Indulge in the delightful flavors of Mini Smoked Haddock Omelettes, the perfect hors d'oeuvre or brunch option for gatherings or special occasions. These savory little omelettes pack a punch of taste, marrying the rich, smoky essence of undyed smoked haddock with creamy eggs and a touch of zesty chives. Ideal for those leisurely mornings or elegant brunches, this recipe serves eight and promises to impress your family and friends with minimal effort.
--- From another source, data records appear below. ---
(* Let $f:\mathbb{R}^2\to\mathbb{R}^2$ be a Topologically Anosov homeomorphism and $z_0\in\mathrm{Fix}(f)$. If there exists $x\neq z_0$ with $\alpha(x)=\omega(x)=\{z_0\}$, then there exist $y_0\neq z_0$ and $z\in\mathbb{R}^2$ such that $y_0\in\omega(z)$.
   Context: A homeomorphism $f:\mathbb{R}^2\to\mathbb{R}^2$ is Topologically Anosov (TA) if: (i) there is a continuous strictly positive $\epsilon:\mathbb{R}^2\to\mathbb{R}$ such that for all $x\neq y$ there is $k\in\mathbb{Z}$ with $\|f^k(x)-f^k(y)\|>\epsilon(f^k(x))$; and (ii) for every continuous strictly positive $\epsilon$ there is a continuous strictly positive $\delta$ such that every $\delta$-pseudo-orbit is $\epsilon$-shadowed by an orbit. A $\delta$-pseudo-orbit is a sequence $(x_n)_{n\in\mathbb{Z}}$ with $\|f(x_n)-x_{n+1}\|<\delta(f(x_n))$; it is $\epsilon$-shadowed by the orbit of $x$ if $\|x_n-f^n(x)\|<\epsilon(x_n)$ for all $n$. $\alpha(x),\omega(x)$ are the $\alpha$- and $\omega$-limit sets. *)

theory Defs
  imports "HOL-Analysis.Analysis"
begin

type_synonym R2 = "real ^ 2"

definition iter_int :: "(R2 \<Rightarrow> R2) \<Rightarrow> int \<Rightarrow> R2 \<Rightarrow> R2" where
  "iter_int f k = (if 0 \<le> k then f ^^ nat k else inv f ^^ nat (- k))"

definition pos_cont_fun :: "(R2 \<Rightarrow> real) \<Rightarrow> bool" where
  "pos_cont_fun e \<longleftrightarrow> continuous_on UNIV e \<and> (\<forall>x. 0 < e x)"

definition pseudo_orbit :: "(R2 \<Rightarrow> R2) \<Rightarrow> (R2 \<Rightarrow> real) \<Rightarrow> (int \<Rightarrow> R2) \<Rightarrow> bool" where
  "pseudo_orbit f \<delta> xs \<longleftrightarrow> (\<forall>n. norm (f (xs n) - xs (n + 1)) < \<delta> (f (xs n)))"

definition shadows :: "(R2 \<Rightarrow> R2) \<Rightarrow> (R2 \<Rightarrow> real) \<Rightarrow> (int \<Rightarrow> R2) \<Rightarrow> R2 \<Rightarrow> bool" where
  "shadows f \<epsilon> xs x \<longleftrightarrow> (\<forall>n. norm (xs n - iter_int f n x) < \<epsilon> (xs n))"

definition topologically_anosov :: "(R2 \<Rightarrow> R2) \<Rightarrow> bool" where
  "topologically_anosov f \<longleftrightarrow>
     (\<exists>g. homeomorphism UNIV UNIV f g) \<and>
     (\<exists>\<epsilon>. pos_cont_fun \<epsilon> \<and>
        (\<forall>x y. x \<noteq> y \<longrightarrow>
           (\<exists>k::int. norm (iter_int f k x - iter_int f k y) > \<epsilon> (iter_int f k x)))) \<and>
     (\<forall>\<epsilon>. pos_cont_fun \<epsilon> \<longrightarrow>
        (\<exists>\<delta>. pos_cont_fun \<delta> \<and>
           (\<forall>xs. pseudo_orbit f \<delta> xs \<longrightarrow> (\<exists>x. shadows f \<epsilon> xs x))))"

definition omega_limit :: "(R2 \<Rightarrow> R2) \<Rightarrow> R2 \<Rightarrow> R2 set" where
  "omega_limit f x = {y. \<forall>e>0. \<forall>N::nat. \<exists>n\<ge>N. dist ((f ^^ n) x) y < e}"

definition alpha_limit :: "(R2 \<Rightarrow> R2) \<Rightarrow> R2 \<Rightarrow> R2 set" where
  "alpha_limit f x = omega_limit (inv f) x"

end

theory Submission
  imports Defs
begin

(* Close the homoclinic loop of x: follow the orbit of x forward until it is close to z0, jump
   to a backward iterate of x that is also close to z0, and repeat.  This periodic pseudo-orbit
   is shadowed, with precision d = dist x z0 / 2, by a true orbit that returns to the ball
   cball x d once per period; by compactness its omega-limit set meets that ball, which does
   not contain z0. *)

lemma iter_int_succ:
  assumes "bij f"
  shows "iter_int f (k + 1) y = f (iter_int f k y)"
proof (cases "0 \<le> k")
  case True
  then have "nat (k + 1) = Suc (nat k)" by simp
  then show ?thesis using True by (simp add: iter_int_def)
next
  case False
  then have m: "nat (- k) = Suc (nat (- (k + 1)))" by simp
  have "f (inv f ((inv f ^^ m) y)) = (inv f ^^ m) y" for m
    using assms by (simp add: bij_is_surj surj_f_inv_f)
  moreover have "0 \<le> k + 1 \<Longrightarrow> nat (- (k + 1)) = 0" using False by simp
  ultimately show ?thesis using False m by (auto simp: iter_int_def)
qed

lemma mod_plus_one_int:
  fixes n p :: int
  assumes "0 < p"
  shows "(n + 1) mod p = (if n mod p = p - 1 then 0 else n mod p + 1)"
proof -
  have "(n + 1) mod p = (n mod p + 1) mod p" by (simp add: mod_add_left_eq)
  moreover have "0 \<le> n mod p" "n mod p < p" using assms by auto
  ultimately show ?thesis by (auto simp: mod_pos_pos_trivial)
qed

(* The orbit segment from inv f ^^ M x to f ^^ N x, repeated with period N + M + 1; its only
   non-orbit step is the jump from f ^^ Suc N x back to inv f ^^ M x. *)
lemma pseudo_orbit_loop:
  assumes "bij f" and "pos_cont_fun \<delta>"
    and jump: "norm (f ((f ^^ N) x) - (inv f ^^ M) x) < \<delta> (f ((f ^^ N) x))"
  shows "pseudo_orbit f \<delta> (\<lambda>n. iter_int f (n mod (int N + int M + 1) - int M) x)"
    (is "pseudo_orbit f \<delta> ?xs")
  unfolding pseudo_orbit_def
proof
  fix n
  define p where "p = int N + int M + 1"
  have p: "0 < p" by (simp add: p_def)
  show "norm (f (?xs n) - ?xs (n + 1)) < \<delta> (f (?xs n))"
  proof (cases "n mod p = p - 1")
    case True
    then have "?xs n = (f ^^ N) x" and "?xs (n + 1) = (inv f ^^ M) x"
      using mod_plus_one_int[OF p, of n] by (simp_all add: p_def iter_int_def)
    then show ?thesis using jump by simp
  next
    case False
    then have "?xs (n + 1) = f (?xs n)"
      using mod_plus_one_int[OF p, of n] iter_int_succ[OF \<open>bij f\<close>, of "n mod p - int M" x]
      by (simp add: p_def algebra_simps)
    then show ?thesis using \<open>pos_cont_fun \<delta>\<close> by (simp add: pos_cont_fun_def)
  qed
qed

lemma pos_cont_fun_small_jumps_near:
  assumes "pos_cont_fun \<delta>"
  obtains \<rho> where "0 < \<rho>"
    and "\<And>a b. dist a z0 < \<rho> \<Longrightarrow> dist b z0 < \<rho> \<Longrightarrow> norm (a - b) < \<delta> a"
proof -
  have pos: "0 < \<delta> z0" and "isCont \<delta> z0"
    using assms by (auto simp: pos_cont_fun_def continuous_on_eq_continuous_at)
  then obtain r where r: "0 < r" "\<And>a. dist a z0 < r \<Longrightarrow> dist (\<delta> a) (\<delta> z0) < \<delta> z0 / 2"
    unfolding continuous_at_eps_delta by (metis half_gt_zero)
  show ?thesis
  proof
    show "0 < min r (\<delta> z0 / 4)" using r pos by simp
    fix a b assume a: "dist a z0 < min r (\<delta> z0 / 4)" and b: "dist b z0 < min r (\<delta> z0 / 4)"
    have "norm (a - b) \<le> dist a z0 + dist b z0"
      by (metis dist_commute dist_norm dist_triangle)
    also have "\<dots> < \<delta> z0 / 2" using a b by simp
    also have "\<dots> < \<delta> a" using r(2)[of a] a unfolding dist_real_def by linarith
    finally show "norm (a - b) < \<delta> a" .
  qed
qed

lemma homoclinic_loop_shadowed:
  assumes "topologically_anosov f"
    and "z0 \<in> alpha_limit f x" and "z0 \<in> omega_limit f x" and "0 < d"
  obtains z P where "0 < P" and "\<And>k. dist ((f ^^ (k * P)) z) x < d"
proof -
  obtain g where "homeomorphism UNIV UNIV f g"
    using assms(1) unfolding topologically_anosov_def by auto
  then have bij: "bij f"
    by (intro o_bij[of g f]) (auto simp: homeomorphism_def fun_eq_iff)
  have "pos_cont_fun (\<lambda>_. d)" using \<open>0 < d\<close> by (simp add: pos_cont_fun_def)
  then obtain \<delta> where \<delta>: "pos_cont_fun \<delta>"
    and shadow: "\<And>xs. pseudo_orbit f \<delta> xs \<Longrightarrow> \<exists>z. shadows f (\<lambda>_. d) xs z"
    using assms(1) unfolding topologically_anosov_def by blast
  obtain \<rho> where "0 < \<rho>"
    and near: "\<And>a b. dist a z0 < \<rho> \<Longrightarrow> dist b z0 < \<rho> \<Longrightarrow> norm (a - b) < \<delta> a"
    using pos_cont_fun_small_jumps_near[OF \<delta>] by blast
  obtain n where "1 \<le> n" "dist ((f ^^ n) x) z0 < \<rho>"
    using assms(3) \<open>0 < \<rho>\<close> unfolding omega_limit_def by blast
  then obtain N where N: "dist ((f ^^ Suc N) x) z0 < \<rho>"
    by (metis Suc_diff_1 less_le_trans zero_less_one)
  obtain M where M: "dist ((inv f ^^ M) x) z0 < \<rho>"
    using assms(2) \<open>0 < \<rho>\<close> unfolding alpha_limit_def omega_limit_def by blast
  define xs where "xs n = iter_int f (n mod (int N + int M + 1) - int M) x" for n
  have "pseudo_orbit f \<delta> xs"
    unfolding xs_def using pseudo_orbit_loop[OF bij \<delta>] near[OF N M] by simp
  then obtain z where z: "shadows f (\<lambda>_. d) xs z"
    using shadow by blast
  show ?thesis
  proof
    show "0 < N + M + 1" by simp
    fix k
    define n where "n = int k * (int N + int M + 1) + int M"
    have "xs n = x"
      by (simp add: xs_def n_def iter_int_def)
    moreover have "iter_int f n z = (f ^^ (k * (N + M + 1))) ((f ^^ M) z)"
      by (simp add: n_def iter_int_def nat_add_distrib nat_mult_distrib funpow_add)
    ultimately show "dist ((f ^^ (k * (N + M + 1))) ((f ^^ M) z)) x < d"
      using z unfolding shadows_def by (metis dist_norm dist_commute)
  qed
qed

lemma omega_limit_meets_compact:
  assumes "compact K" and returns: "\<And>k. (f ^^ t k) z \<in> K" and unbounded: "\<And>k. k \<le> t k"
  obtains y where "y \<in> K" and "y \<in> omega_limit f z"
proof -
  have "\<forall>k. (f ^^ t k) z \<in> K" using returns by blast
  then obtain y \<phi> where "y \<in> K" "strict_mono \<phi>" and lim: "((\<lambda>k. (f ^^ t k) z) \<circ> \<phi>) \<longlonglongrightarrow> y"
    by (rule seq_compactE[OF compact_imp_seq_compact[OF \<open>compact K\<close>]])
  have "y \<in> omega_limit f z"
    unfolding omega_limit_def
  proof (intro CollectI allI impI)
    fix e :: real and N :: nat
    assume "0 < e"
    then obtain J where J: "\<And>j. J \<le> j \<Longrightarrow> dist ((f ^^ t (\<phi> j)) z) y < e"
      using lim unfolding lim_sequentially comp_def by blast
    have "N \<le> t (\<phi> (max J N))"
      using seq_suble[OF \<open>strict_mono \<phi>\<close>, of "max J N"] unbounded[of "\<phi> (max J N)"] by linarith
    then show "\<exists>n\<ge>N. dist ((f ^^ n) z) y < e" using J[of "max J N"] by auto
  qed
  with \<open>y \<in> K\<close> show ?thesis using that by blast
qed

theorem mainTheorem12:
  fixes f :: "R2 \<Rightarrow> R2" and z0 :: R2
  assumes "topologically_anosov f"
    and "f z0 = z0"
    and "\<exists>x. x \<noteq> z0 \<and> alpha_limit f x = {z0} \<and> omega_limit f x = {z0}"
  shows "\<exists>y0 z. y0 \<noteq> z0 \<and> y0 \<in> omega_limit f z"
proof -
  obtain x where "x \<noteq> z0" and x: "z0 \<in> alpha_limit f x" "z0 \<in> omega_limit f x"
    using assms(3) by auto
  define d where "d = dist x z0 / 2"
  have "0 < d" using \<open>x \<noteq> z0\<close> by (simp add: d_def)
  obtain P z where "0 < P" and "\<And>k. dist ((f ^^ (k * P)) z) x < d"
    using homoclinic_loop_shadowed[OF assms(1) x \<open>0 < d\<close>] by blast
  then have "(f ^^ (k * P)) z \<in> cball x d" and "k \<le> k * P" for k
    by (simp_all add: dist_commute less_imp_le)
  then obtain y where "y \<in> cball x d" and "y \<in> omega_limit f z"
    using omega_limit_meets_compact[OF compact_cball, where t = "\<lambda>k. k * P"] by blast
  moreover have "y \<noteq> z0" using \<open>y \<in> cball x d\<close> \<open>0 < d\<close> by (auto simp: d_def)
  ultimately show ?thesis by blast
qed

end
Picture yourself serving these fluffy, golden bites straight from the oven, their inviting aroma filling the air as they beautifully bubble under the grill. Each mouthful combines the tender, flaky fish with the smoothness of double cream and the nutty notes of grated parmesan, creating a mouthwatering experience. Not only are they a feast for the senses, but they also offer a nutritious start to your day, with substantial protein and healthy fats to keep you satisfied.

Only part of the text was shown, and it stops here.